Si les deux exemples cités en haut ne sont pas répétés, il faut reconnaître que ceci est en partie dû au fait qu’ils sont isolés par le format du texte. Ces deux sections où apparait un narrataire qui répond sont suivies par des chapitres de « récit pur », où le narrateur s’intéresse uniquement au niveau diégétique. Quand la voix du narrateur retourne au mode où elle s’adresse au lecteur (c’est-à-dire, quand le « je » se manifeste encore dans le rôle narratorial), le « thou » et le « ye » ont disparu, et c’est le « you » qui prend leur place – un « you » visé par le narrateur, et donc rendu présent comme coénonciateur au niveau extradiégétique, mais qui n’est pas dessiné ou caractérisé – ni par ses propres énoncés, ni par une description du narrateur.

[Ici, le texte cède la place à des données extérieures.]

lemma locally_closed_subgroup_closed:
  fixes H :: "'g::topological_group_add set"
  assumes lc: "locally_closed H" and zero: "0 \<in> H"
    and add: "\<And>a b. a \<in> H \<Longrightarrow> b \<in> H \<Longrightarrow> a + b \<in> H"
    and uminus: "\<And>a. a \<in> H \<Longrightarrow> - a \<in> H"
  shows "closed H"
proof -
  obtain U C where UC: "open U" "closed C" "H = U \<inter> C"
    using lc unfolding locally_closed_def by blast
  have "x \<in> H" if x: "x \<in> closure H" for x
  proof -
    have "open ((\<lambda>y. - y + x) -` U)"
      using UC(1) by (intro open_vimage continuous_intros)
    moreover have "x \<in> (\<lambda>y. - y + x) -` U"
      using zero UC(3) by auto
    ultimately obtain h where h: "h \<in> H" "- h + x \<in> U"
      using x unfolding closure_iff_nhds_not_empty by blast
    have "(\<lambda>t. - h + t) ` H \<subseteq> C"
      using h(1) add uminus UC(3) by auto
    then have "(\<lambda>t. - h + t) ` closure H \<subseteq> C"
      by (intro image_closure_subset[OF _ UC(2)] continuous_intros)
    then have "- h + x \<in> H"
      using x h(2) UC(3) by auto
    from add[OF h(1) this] show "x \<in> H"
      by (simp add: add.assoc[symmetric])
  qed
  then show ?thesis
    using closure_subset_eq by blast
qed

lemma closed_noncompact_disjoint_translates:
  fixes H C :: "'g::{topological_group_add, t2_space} set"
  assumes C: "compact C" and H: "closed H" "\<not> compact H"
  shows "\<exists>F\<subseteq>H. finite F \<and> card F = n \<and> disjoint_family_on (\<lambda>f. (\<lambda>c. c + f) ` C) F"
proof (induction n)
  case 0
  show ?case
    by (intro exI[of _ "{}"]) (auto simp: disjoint_family_on_def)
next
  case (Suc n)
  then obtain F where F: "F \<subseteq> H" "finite F" "card F = n"
    "disjoint_family_on (\<lambda>f. (\<lambda>c. c + f) ` C) F"
    by blast
  \<comment> \<open>any h \<notin> T lies outside F and C + h misses C + f for every f \<in> F\<close>
  define T where "T = F \<union> (\<Union>f\<in>F. (\<lambda>p. - snd p + fst p + f) ` (C \<times> C))"
  have "compact T"
    unfolding T_def using F(2) C
    by (intro compact_Un[OF finite_imp_compact] compact_UN compact_continuous_image compact_Times
        continuous_intros)
  then have "\<not> H \<subseteq> T"
    using H by (metis closed_Int_compact inf.absorb_iff1)
  then obtain h where h: "h \<in> H" "h \<notin> T"
    by blast
  have "(\<lambda>c. c + h) ` C \<inter> (\<lambda>c. c + f) ` C = {}" if f: "f \<in> F" for f
  proof (rule ccontr)
    assume "(\<lambda>c. c + h) ` C \<inter> (\<lambda>c. c + f) ` C \<noteq> {}"
    then obtain c c' where cc: "c \<in> C" "c' \<in> C" "c + h = c' + f"
      by auto
    then have "h = - c + c' + f"
      by (metis add.assoc add_minus_cancel)
    moreover have "- c + c' + f \<in> T"
      unfolding T_def using f cc by (force intro: rev_image_eqI[of "(c', c)"])
    ultimately show False
      using h(2) by simp
  qed
  moreover have "h \<notin> F"
    using h(2) by (simp add: T_def)
  ultimately show ?case
    using F h(1) by (intro exI[of _ "insert h F"]) (auto simp: disjoint_family_on_insert)
qed

lemma left_haar_right_periods_compact:
  fixes L :: "'g::{topological_group_add, t2_space, second_countable_topology} measure"
  assumes lc: "locally_compact_space (euclidean :: 'g topology)" and L: "left_haar_measure L"
    and A: "A \<in> sets borel" "0 < emeasure L A" "emeasure L A < \<infinity>"
    and H: "closed H" and periods: "\<And>h. h \<in> H \<Longrightarrow> (\<lambda>a. a + h) ` A = A"
  shows "compact H"
proof (rule ccontr)
  assume noncompact: "\<not> compact H"
  have sets_L: "sets L = sets borel"
    using left_invariant_sets[OF left_haar_imp_left_invariant[OF L]] .
  obtain K :: "nat \<Rightarrow> 'g set" where K: "\<And>k. compact (K k)" "(\<Union>k. K k) = UNIV"
    using locally_compact_imp_sigma_compact[OF lc] by blast
  have "A \<in> sets L" "K k \<in> sets L" for k
    using A(1) K(1) by (auto simp: sets_L borel_compact)
  then obtain k where D_pos: "0 < emeasure L (A \<inter> K k)"
    using emeasure_Int_pos_cover[OF A(2)] K(2) by blast
  define D where "D = A \<inter> K k"
  have D: "D \<in> sets borel"
    unfolding D_def using A(1) borel_compact[OF K(1)] by (rule sets.Int)
  have D_translate: "emeasure L ((\<lambda>d. d + h) ` D) = emeasure L D" if "h \<in> H" for h
    using periods[OF that] by (intro left_haar_right_translate[OF lc L A _ D]) simp
  have "of_nat m * emeasure L D \<le> emeasure L A" for m
  proof -
    obtain F where F: "F \<subseteq> H" "finite F" "card F = m"
      and disjoint: "disjoint_family_on (\<lambda>f. (\<lambda>c. c + f) ` K k) F"
      using closed_noncompact_disjoint_translates[OF K(1) H noncompact] by blast
    have "of_nat m * emeasure L D = (\<Sum>f\<in>F. emeasure L ((\<lambda>d. d + f) ` D))"
      using F D_translate by (simp add: subset_eq)
    also have "\<dots> = emeasure L (\<Union>f\<in>F. (\<lambda>d. d + f) ` D)"
      using disjoint F(2) D
      by (intro sum_emeasure) (auto simp: sets_L sets_borel_image_add_right disjoint_family_on_def D_def)
    also have "\<dots> \<le> emeasure L A"
      using F(1) periods A(1) by (intro emeasure_mono) (auto simp: sets_L D_def)
    finally show ?thesis .
  qed
  then have "emeasure L D = 0"
    using A(3) by (rule ennreal_multiples_bounded_imp_zero)
  then show False
    using D_pos by (simp add: D_def)
qed

lemma measurable_actionD:
  assumes "measurable_action act M" and "s \<in> space M"
  shows measurable_action_zero: "act 0 s = s"
    and measurable_action_add: "act (g + h) s = act g (act h s)"
  using assms unfolding measurable_action_def by auto

lemma measurable_action_orbit:
  assumes act: "measurable_action act M" and s: "s \<in> space M"
  shows "(\<lambda>g. act g s) \<in> borel \<rightarrow>\<^sub>M M"
proof -
  have pair: "(\<lambda>g. (g, s)) \<in> borel \<rightarrow>\<^sub>M borel \<Otimes>\<^sub>M M"
    using s by measurable
  have "(\<lambda>(g, s). act g s) \<in> borel \<Otimes>\<^sub>M M \<rightarrow>\<^sub>M M"
    using act unfolding measurable_action_def by blast
  from measurable_comp[OF pair this] show ?thesis
    by (simp add: comp_def)
qed

lemma stabilizer_subgroup:
  assumes act: "measurable_action act M" and s: "s \<in> space M"
  shows stabilizer_zero: "0 \<in> stabilizer act s"
    and stabilizer_add: "a \<in> stabilizer act s \<Longrightarrow> b \<in> stabilizer act s \<Longrightarrow> a + b \<in> stabilizer act s"
    and stabilizer_uminus: "a \<in> stabilizer act s \<Longrightarrow> - a \<in> stabilizer act s"
  using measurable_action_zero[OF act s] measurable_action_add[OF act s, of "- a" a]
    measurable_action_add[OF act s, of a b]
  by (simp_all add: stabilizer_def)

lemma proper_action_stabilizer_invariant_set:
  fixes L :: "'g::{topological_group_add, second_countable_topology} measure"
    and M :: "'s measure"
  assumes L: "left_haar_measure L" and act: "measurable_action act M"
    and proper: "proper_action L act M" and s: "s \<in> space M"
  obtains A where "A \<in> sets borel" "0 < emeasure L A" "emeasure L A < \<infinity>"
    "\<And>h. h \<in> stabilizer act s \<Longrightarrow> (\<lambda>a. a + h) ` A = A"
proof -
  have sets_L: "sets L = sets borel"
    using left_invariant_sets[OF left_haar_imp_left_invariant[OF L]] .
  note orbit = measurable_action_orbit[OF act s]
  then have orbit_L: "(\<lambda>g. act g s) \<in> L \<rightarrow>\<^sub>M M"
    by (subst measurable_cong_sets[OF sets_L refl])
  obtain B :: "nat \<Rightarrow> 's set" where B: "\<And>n. B n \<in> sets M" "(\<Union>n. B n) = space M"
    "\<And>n. emeasure (distr L M (\<lambda>g. act g s)) (B n) < \<infinity>"
    using proper s unfolding proper_action_def by blast
  define A where "A n = (\<lambda>g. act g s) -` B n" for n
  have A_borel: "A n \<in> sets borel" for n
    unfolding A_def by (rule measurable_sets_borel[OF orbit B(1)])
  have A_fin: "emeasure L (A n) < \<infinity>" for n
    using B(3)[of n] emeasure_distr[OF orbit_L B(1)[of n]]
    by (simp add: A_def left_invariant_space[OF left_haar_imp_left_invariant[OF L]])
  obtain n where A_pos: "0 < emeasure L (A n)"
  proof (rule emeasure_Int_pos_cover[of L UNIV A])
    show "0 < emeasure L UNIV"
      using left_haar_open_pos[OF L] by simp
    show "UNIV \<in> sets L" "A n \<in> sets L" for n
      by (simp_all add: sets_L A_borel)
    show "UNIV \<subseteq> (\<Union>n. A n)"
    proof
      fix g
      have "act g s \<in> (\<Union>n. B n)"
        using measurable_space[OF orbit] B(2) by simp
      then show "g \<in> (\<Union>n. A n)"
        by (simp add: A_def)
    qed
  qed (use that in simp)
  have "(\<lambda>a. a + h) ` A n = A n" if "h \<in> stabilizer act s" for h
  proof -
    have "act (x - h) s = act x s" for x
      using stabilizer_uminus[OF act s that] measurable_action_add[OF act s, of x "- h"]
      by (simp add: stabilizer_def)
    then show ?thesis
      by (simp add: image_add_right_eq_vimage A_def vimage_def)
  qed
  then show ?thesis
    using that A_borel A_pos A_fin by blast
qed

theorem corollary2p5:
  fixes L :: "('g::{topological_group_add, t2_space, second_countable_topology}) measure"
    and M :: "'s measure"
    and act :: "'g \<Rightarrow> 's \<Rightarrow> 's"
  assumes "locally_compact_space (euclidean :: 'g topology)"
    and "left_haar_measure L"
    and "borel_space M"
    and "measurable_action act M"
    and "proper_action L act M"
    and "\<forall>s \<in> space M. locally_closed (stabilizer act s)"
  shows "\<forall>s \<in> space M. compact (stabilizer act s)"
proof
  fix s assume s: "s \<in> space M"
  obtain A where A: "A \<in> sets borel" "0 < emeasure L A" "emeasure L A < \<infinity>"
    and periods: "\<And>h. h \<in> stabilizer act s \<Longrightarrow> (\<lambda>a. a + h) ` A = A"
    using proper_action_stabilizer_invariant_set[OF assms(2,4,5) s] by blast
  have "closed (stabilizer act s)"
    using assms(6) s
    by (intro locally_closed_subgroup_closed stabilizer_subgroup[OF assms(4) s]) auto
  then show "compact (stabilizer act s)"
    by (rule left_haar_right_periods_compact[OF assms(1,2) A _ periods])
qed

end
lemma orth_rep_Int_succ:
  assumes rep: "orth_rep p q d V" and "2 * q \<le> p"
  shows "orth_rep p (q - 1) d (\<lambda>v. V v \<inter> V (Suc v mod p))"
proof -
  have "cv.subspace (V v \<inter> V (Suc v mod p)) \<and> V v \<inter> V (Suc v mod p) \<subseteq> cvec d" if "v < p" for v
    using orth_repD(1,2)[OF rep] that cv.subspace_inter by (simp add: le_infI1)
  moreover have "corth d (V u \<inter> V (Suc u mod p)) (V v \<inter> V (Suc v mod p))"
    if u: "u < p" and v: "v < p" and near: "q - 1 \<le> cycdist p u v" for u v
  proof -
    have succ: "Suc w mod p < p" for w
      using u by simp
    from le_cycdist_neighbour[OF u v \<open>2 * q \<le> p\<close> near]
    have "corth d (V u) (V v) \<or> corth d (V u) (V (Suc v mod p)) \<or> corth d (V (Suc u mod p)) (V v)"
      using orth_repD(3)[OF rep u v] orth_repD(3)[OF rep u succ] orth_repD(3)[OF rep succ v]
      by blast
    then show ?thesis
      by (auto simp: corth_def)
  qed
  ultimately show ?thesis
    by (simp add: orth_rep_def)
qed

Nos deux exemples ci-dessus étaient donc des exceptions, et il va falloir bientôt considérer pourquoi l’organisation très réglementée des chapitres ne permet pas d’autres exemples de telles manifestations de la deuxième personne, ni dans leur nature, ni dans leur fréquence.

Observons d’abord un phénomène plus usuel - le « you » qui est visé tout au long du roman, et qui semble être le même qui apparaît au début. Nous avons vu qu’il débute implicitement et à l’impératif aux premières lignes. Avec cette énonciation à l’impératif (ou peut-être par cette énonciation) Melville établit en premier la présence d’un coénonciateur, puis l’identité du narrateur (« Call me Ishmael. »). Philippe Jaworski argue que la forme de cette ouverture casse le mythe de Narcisse : c’est un « geste qui fait retour sur lui-même pour capter sa réflexion, le salut ismaélien

substitue le détour par l’Autre qui se nomme et que je nomme, simultanément. »1 C’est un autre dont l’identité est partagée entre narrateur et narrataire.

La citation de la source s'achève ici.